Pull out each line of the records holding the string "lemma".

DATA SHOWN: Begin

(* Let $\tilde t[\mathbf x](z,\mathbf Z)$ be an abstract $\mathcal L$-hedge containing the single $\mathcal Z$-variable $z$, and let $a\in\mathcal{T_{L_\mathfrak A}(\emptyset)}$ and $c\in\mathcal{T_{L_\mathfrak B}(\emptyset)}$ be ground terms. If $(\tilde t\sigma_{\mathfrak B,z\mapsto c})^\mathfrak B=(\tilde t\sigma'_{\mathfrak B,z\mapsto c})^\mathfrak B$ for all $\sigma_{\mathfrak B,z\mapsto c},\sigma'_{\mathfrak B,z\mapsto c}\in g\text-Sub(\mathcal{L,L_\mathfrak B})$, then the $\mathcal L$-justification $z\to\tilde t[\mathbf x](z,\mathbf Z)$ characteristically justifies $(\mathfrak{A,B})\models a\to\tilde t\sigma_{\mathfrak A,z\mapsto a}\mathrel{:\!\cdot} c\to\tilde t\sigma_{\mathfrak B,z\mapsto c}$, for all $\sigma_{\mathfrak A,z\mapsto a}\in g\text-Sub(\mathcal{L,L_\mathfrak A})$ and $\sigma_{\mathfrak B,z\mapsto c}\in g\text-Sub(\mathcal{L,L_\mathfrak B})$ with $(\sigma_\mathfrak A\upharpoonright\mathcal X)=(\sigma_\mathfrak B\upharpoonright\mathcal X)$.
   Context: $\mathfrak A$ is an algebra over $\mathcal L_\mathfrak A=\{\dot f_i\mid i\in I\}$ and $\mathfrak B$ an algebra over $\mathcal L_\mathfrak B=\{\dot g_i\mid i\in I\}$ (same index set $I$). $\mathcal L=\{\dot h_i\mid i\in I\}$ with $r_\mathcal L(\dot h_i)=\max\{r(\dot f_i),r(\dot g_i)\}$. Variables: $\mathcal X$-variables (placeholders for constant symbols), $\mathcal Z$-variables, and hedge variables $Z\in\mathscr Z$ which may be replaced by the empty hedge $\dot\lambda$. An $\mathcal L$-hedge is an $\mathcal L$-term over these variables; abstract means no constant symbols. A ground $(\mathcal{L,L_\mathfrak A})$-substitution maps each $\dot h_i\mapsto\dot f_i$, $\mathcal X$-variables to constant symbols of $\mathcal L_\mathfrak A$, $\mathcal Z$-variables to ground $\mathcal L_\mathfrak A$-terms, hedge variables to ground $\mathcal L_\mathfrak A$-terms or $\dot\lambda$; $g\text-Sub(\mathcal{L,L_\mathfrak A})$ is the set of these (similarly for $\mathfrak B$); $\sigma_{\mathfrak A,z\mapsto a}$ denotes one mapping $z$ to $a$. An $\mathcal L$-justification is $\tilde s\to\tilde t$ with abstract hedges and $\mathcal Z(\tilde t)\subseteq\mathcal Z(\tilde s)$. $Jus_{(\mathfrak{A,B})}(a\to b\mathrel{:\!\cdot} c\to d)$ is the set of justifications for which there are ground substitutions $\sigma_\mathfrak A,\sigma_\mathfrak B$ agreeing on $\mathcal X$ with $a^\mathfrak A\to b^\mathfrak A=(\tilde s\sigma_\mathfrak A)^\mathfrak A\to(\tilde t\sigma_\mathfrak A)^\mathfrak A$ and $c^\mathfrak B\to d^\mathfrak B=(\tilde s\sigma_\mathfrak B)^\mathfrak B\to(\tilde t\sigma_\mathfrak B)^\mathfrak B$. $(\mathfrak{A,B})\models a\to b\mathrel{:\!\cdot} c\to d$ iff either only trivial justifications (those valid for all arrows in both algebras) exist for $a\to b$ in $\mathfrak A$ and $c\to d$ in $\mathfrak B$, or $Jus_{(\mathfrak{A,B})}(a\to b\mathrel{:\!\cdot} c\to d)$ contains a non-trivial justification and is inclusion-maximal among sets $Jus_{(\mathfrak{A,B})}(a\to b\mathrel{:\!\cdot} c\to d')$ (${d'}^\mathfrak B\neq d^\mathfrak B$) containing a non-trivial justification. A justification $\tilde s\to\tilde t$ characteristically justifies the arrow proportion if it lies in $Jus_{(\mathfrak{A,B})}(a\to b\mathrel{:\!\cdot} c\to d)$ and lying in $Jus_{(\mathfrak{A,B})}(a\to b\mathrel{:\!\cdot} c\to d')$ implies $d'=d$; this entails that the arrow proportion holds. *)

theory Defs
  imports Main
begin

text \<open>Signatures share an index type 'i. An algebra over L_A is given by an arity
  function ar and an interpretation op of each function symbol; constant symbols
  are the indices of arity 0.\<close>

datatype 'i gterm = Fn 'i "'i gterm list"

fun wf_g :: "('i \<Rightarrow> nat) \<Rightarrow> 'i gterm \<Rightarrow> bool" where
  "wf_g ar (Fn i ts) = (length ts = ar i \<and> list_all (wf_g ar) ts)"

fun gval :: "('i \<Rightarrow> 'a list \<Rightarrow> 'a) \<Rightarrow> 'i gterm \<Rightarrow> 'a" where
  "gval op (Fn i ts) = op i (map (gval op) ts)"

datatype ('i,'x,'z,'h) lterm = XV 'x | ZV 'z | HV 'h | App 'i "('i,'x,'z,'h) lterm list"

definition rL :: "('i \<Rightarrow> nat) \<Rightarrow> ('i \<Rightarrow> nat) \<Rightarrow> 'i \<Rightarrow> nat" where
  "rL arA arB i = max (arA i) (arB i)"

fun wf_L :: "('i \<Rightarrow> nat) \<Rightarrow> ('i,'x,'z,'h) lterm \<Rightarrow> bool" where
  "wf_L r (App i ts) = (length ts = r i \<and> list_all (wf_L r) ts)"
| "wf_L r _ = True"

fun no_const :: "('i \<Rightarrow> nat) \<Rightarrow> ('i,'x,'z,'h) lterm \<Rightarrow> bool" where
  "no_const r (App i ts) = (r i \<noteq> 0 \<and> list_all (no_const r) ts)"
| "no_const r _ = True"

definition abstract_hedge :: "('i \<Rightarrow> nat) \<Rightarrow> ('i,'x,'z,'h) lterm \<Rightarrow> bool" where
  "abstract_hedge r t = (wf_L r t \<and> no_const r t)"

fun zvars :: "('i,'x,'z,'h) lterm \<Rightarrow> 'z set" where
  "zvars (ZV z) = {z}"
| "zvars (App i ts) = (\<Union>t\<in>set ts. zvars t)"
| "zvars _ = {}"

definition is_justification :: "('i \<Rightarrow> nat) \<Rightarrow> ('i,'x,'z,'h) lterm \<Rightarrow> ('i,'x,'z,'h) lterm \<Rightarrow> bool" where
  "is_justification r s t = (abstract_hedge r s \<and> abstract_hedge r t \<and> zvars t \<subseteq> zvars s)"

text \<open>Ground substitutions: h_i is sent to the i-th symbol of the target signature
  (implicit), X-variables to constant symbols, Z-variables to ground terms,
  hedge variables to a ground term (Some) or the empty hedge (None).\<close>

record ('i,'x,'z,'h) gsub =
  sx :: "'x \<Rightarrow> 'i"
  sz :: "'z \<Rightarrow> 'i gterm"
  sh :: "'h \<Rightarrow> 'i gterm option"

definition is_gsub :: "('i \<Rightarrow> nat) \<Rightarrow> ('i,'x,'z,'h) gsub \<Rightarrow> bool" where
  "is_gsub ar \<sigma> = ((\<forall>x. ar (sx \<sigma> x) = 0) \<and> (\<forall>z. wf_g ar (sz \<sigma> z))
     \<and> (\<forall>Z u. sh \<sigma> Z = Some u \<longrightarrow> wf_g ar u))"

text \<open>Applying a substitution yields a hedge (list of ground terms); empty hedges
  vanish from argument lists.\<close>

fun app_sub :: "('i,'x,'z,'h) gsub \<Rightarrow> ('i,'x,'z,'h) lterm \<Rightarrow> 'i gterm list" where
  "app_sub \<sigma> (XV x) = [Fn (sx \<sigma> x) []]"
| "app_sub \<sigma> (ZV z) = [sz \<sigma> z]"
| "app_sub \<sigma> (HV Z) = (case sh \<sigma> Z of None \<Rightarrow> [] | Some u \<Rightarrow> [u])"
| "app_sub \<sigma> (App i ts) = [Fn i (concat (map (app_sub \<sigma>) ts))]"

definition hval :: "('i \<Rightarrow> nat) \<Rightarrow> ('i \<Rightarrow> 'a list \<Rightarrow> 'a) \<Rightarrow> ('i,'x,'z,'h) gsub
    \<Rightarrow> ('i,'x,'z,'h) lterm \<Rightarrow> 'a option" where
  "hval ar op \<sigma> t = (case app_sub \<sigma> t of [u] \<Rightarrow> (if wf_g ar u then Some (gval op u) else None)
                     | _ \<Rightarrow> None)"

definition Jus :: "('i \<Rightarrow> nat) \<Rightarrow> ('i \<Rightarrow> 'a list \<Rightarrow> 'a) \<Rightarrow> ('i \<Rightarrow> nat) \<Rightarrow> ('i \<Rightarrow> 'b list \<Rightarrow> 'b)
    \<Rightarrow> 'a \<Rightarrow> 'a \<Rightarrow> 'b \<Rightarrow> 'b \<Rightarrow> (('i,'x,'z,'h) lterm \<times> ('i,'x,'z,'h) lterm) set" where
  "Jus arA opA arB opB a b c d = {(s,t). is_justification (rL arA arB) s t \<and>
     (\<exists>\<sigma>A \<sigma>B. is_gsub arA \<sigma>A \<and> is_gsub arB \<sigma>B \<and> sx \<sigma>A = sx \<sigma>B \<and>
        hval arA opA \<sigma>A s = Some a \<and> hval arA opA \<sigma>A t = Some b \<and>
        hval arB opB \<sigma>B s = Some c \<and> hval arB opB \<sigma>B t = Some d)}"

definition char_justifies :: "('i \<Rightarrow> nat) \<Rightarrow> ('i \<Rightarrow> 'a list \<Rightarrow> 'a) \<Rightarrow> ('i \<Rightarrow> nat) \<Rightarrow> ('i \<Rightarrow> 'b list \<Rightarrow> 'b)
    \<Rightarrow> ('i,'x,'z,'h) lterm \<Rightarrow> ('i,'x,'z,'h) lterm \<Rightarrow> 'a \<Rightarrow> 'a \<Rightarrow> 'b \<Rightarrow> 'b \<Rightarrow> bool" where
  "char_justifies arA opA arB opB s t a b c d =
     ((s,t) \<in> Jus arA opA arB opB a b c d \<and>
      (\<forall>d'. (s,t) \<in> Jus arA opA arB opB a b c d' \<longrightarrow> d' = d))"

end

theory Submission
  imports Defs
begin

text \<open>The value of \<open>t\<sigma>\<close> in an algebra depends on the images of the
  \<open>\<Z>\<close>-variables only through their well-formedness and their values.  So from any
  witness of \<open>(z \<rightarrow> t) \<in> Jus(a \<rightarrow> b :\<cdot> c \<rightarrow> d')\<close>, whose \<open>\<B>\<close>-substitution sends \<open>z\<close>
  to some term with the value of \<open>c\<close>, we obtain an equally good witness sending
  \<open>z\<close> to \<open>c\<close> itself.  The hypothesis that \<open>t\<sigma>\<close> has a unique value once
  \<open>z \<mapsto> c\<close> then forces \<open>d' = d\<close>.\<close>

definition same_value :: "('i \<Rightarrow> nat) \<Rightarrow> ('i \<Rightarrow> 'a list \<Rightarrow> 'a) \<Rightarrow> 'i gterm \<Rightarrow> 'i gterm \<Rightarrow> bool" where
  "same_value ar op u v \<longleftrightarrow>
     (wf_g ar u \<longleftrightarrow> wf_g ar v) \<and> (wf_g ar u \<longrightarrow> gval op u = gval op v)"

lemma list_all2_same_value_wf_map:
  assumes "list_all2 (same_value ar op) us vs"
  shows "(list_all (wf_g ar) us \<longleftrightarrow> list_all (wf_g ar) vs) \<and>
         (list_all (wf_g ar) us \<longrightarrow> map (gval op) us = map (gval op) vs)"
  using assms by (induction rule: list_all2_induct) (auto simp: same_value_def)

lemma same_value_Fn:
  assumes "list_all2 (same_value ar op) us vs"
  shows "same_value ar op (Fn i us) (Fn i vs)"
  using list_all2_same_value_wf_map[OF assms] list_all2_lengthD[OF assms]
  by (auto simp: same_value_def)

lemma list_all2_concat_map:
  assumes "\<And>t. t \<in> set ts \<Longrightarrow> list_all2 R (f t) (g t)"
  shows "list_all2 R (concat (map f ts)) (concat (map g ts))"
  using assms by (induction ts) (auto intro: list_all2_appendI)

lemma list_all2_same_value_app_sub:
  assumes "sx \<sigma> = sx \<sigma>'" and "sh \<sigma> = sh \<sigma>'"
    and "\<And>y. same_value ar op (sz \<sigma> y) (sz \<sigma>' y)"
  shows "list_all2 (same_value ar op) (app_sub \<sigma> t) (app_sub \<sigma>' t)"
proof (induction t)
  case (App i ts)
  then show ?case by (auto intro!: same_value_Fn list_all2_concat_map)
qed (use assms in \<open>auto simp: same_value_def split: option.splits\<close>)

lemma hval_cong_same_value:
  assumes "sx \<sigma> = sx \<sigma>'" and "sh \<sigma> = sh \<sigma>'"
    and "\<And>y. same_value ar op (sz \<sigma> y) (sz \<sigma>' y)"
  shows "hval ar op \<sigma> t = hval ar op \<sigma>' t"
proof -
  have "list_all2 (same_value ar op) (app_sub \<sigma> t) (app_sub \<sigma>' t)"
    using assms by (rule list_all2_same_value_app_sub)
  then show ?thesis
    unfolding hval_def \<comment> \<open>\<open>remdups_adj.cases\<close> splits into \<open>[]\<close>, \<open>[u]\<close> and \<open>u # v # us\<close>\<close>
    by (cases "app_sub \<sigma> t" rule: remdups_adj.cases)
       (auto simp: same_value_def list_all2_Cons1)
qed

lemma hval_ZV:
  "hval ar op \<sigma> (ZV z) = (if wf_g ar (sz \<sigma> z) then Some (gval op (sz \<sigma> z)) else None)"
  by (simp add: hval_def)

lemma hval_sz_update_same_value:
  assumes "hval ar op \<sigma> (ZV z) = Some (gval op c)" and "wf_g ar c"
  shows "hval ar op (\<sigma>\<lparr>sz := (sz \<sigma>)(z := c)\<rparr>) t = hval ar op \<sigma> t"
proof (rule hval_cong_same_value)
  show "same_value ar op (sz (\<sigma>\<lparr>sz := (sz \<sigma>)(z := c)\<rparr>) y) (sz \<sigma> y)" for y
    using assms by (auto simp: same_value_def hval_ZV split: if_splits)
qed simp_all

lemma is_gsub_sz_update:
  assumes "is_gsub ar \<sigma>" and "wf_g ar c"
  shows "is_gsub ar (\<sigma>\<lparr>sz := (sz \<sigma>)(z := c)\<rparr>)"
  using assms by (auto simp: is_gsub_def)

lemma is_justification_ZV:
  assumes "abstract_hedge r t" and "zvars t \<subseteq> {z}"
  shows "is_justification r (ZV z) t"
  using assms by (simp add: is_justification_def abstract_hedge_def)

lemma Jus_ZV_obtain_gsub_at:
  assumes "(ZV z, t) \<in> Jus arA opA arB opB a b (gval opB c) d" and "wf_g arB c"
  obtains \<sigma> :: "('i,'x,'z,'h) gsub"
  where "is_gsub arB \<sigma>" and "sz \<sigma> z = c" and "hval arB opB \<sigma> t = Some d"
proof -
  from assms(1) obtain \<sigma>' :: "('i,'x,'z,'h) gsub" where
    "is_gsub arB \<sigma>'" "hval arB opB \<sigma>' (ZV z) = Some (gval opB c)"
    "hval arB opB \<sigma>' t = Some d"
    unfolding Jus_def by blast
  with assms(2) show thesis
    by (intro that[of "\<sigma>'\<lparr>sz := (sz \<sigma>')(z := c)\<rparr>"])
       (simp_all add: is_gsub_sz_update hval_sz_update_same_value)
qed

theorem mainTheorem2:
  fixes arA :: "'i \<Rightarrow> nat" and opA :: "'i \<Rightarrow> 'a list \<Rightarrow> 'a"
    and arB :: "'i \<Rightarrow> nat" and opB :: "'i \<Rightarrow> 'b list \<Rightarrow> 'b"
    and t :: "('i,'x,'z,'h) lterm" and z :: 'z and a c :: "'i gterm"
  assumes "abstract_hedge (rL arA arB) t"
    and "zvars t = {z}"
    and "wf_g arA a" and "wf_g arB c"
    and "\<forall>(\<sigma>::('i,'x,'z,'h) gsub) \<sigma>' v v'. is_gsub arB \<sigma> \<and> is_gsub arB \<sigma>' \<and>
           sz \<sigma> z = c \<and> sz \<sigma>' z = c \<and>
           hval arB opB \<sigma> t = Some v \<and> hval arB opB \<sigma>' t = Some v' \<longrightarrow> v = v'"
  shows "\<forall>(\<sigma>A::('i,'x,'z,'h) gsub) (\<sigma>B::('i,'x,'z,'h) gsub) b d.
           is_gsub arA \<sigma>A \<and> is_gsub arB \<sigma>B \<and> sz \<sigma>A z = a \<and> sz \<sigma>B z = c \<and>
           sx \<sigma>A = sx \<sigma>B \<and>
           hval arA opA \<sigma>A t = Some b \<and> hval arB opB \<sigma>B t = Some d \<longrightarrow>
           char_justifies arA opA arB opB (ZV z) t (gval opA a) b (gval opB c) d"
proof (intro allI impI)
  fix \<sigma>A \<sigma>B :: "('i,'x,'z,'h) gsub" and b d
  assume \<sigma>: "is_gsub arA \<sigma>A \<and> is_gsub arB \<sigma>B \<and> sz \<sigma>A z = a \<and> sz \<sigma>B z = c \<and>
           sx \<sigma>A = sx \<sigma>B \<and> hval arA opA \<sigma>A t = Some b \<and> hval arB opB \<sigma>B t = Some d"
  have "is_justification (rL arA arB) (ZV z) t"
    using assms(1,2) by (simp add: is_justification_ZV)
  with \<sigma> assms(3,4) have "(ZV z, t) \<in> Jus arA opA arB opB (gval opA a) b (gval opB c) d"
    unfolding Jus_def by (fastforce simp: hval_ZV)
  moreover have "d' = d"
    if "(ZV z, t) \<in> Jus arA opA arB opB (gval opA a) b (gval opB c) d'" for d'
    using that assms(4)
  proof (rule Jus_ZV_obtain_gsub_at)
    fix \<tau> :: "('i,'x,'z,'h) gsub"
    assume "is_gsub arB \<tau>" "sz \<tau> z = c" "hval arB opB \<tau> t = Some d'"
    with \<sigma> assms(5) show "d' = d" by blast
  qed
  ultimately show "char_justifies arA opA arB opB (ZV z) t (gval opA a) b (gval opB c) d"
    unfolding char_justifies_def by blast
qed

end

DATA SHOWN: End

#### SOLUTION TO THIS EXERCISE:
lemma list_all2_same_value_wf_map:
lemma same_value_Fn:
lemma list_all2_concat_map:
lemma list_all2_same_value_app_sub:
lemma hval_cong_same_value:
lemma hval_ZV:
lemma hval_sz_update_same_value:
lemma is_gsub_sz_update:
lemma is_justification_ZV:
lemma Jus_ZV_obtain_gsub_at:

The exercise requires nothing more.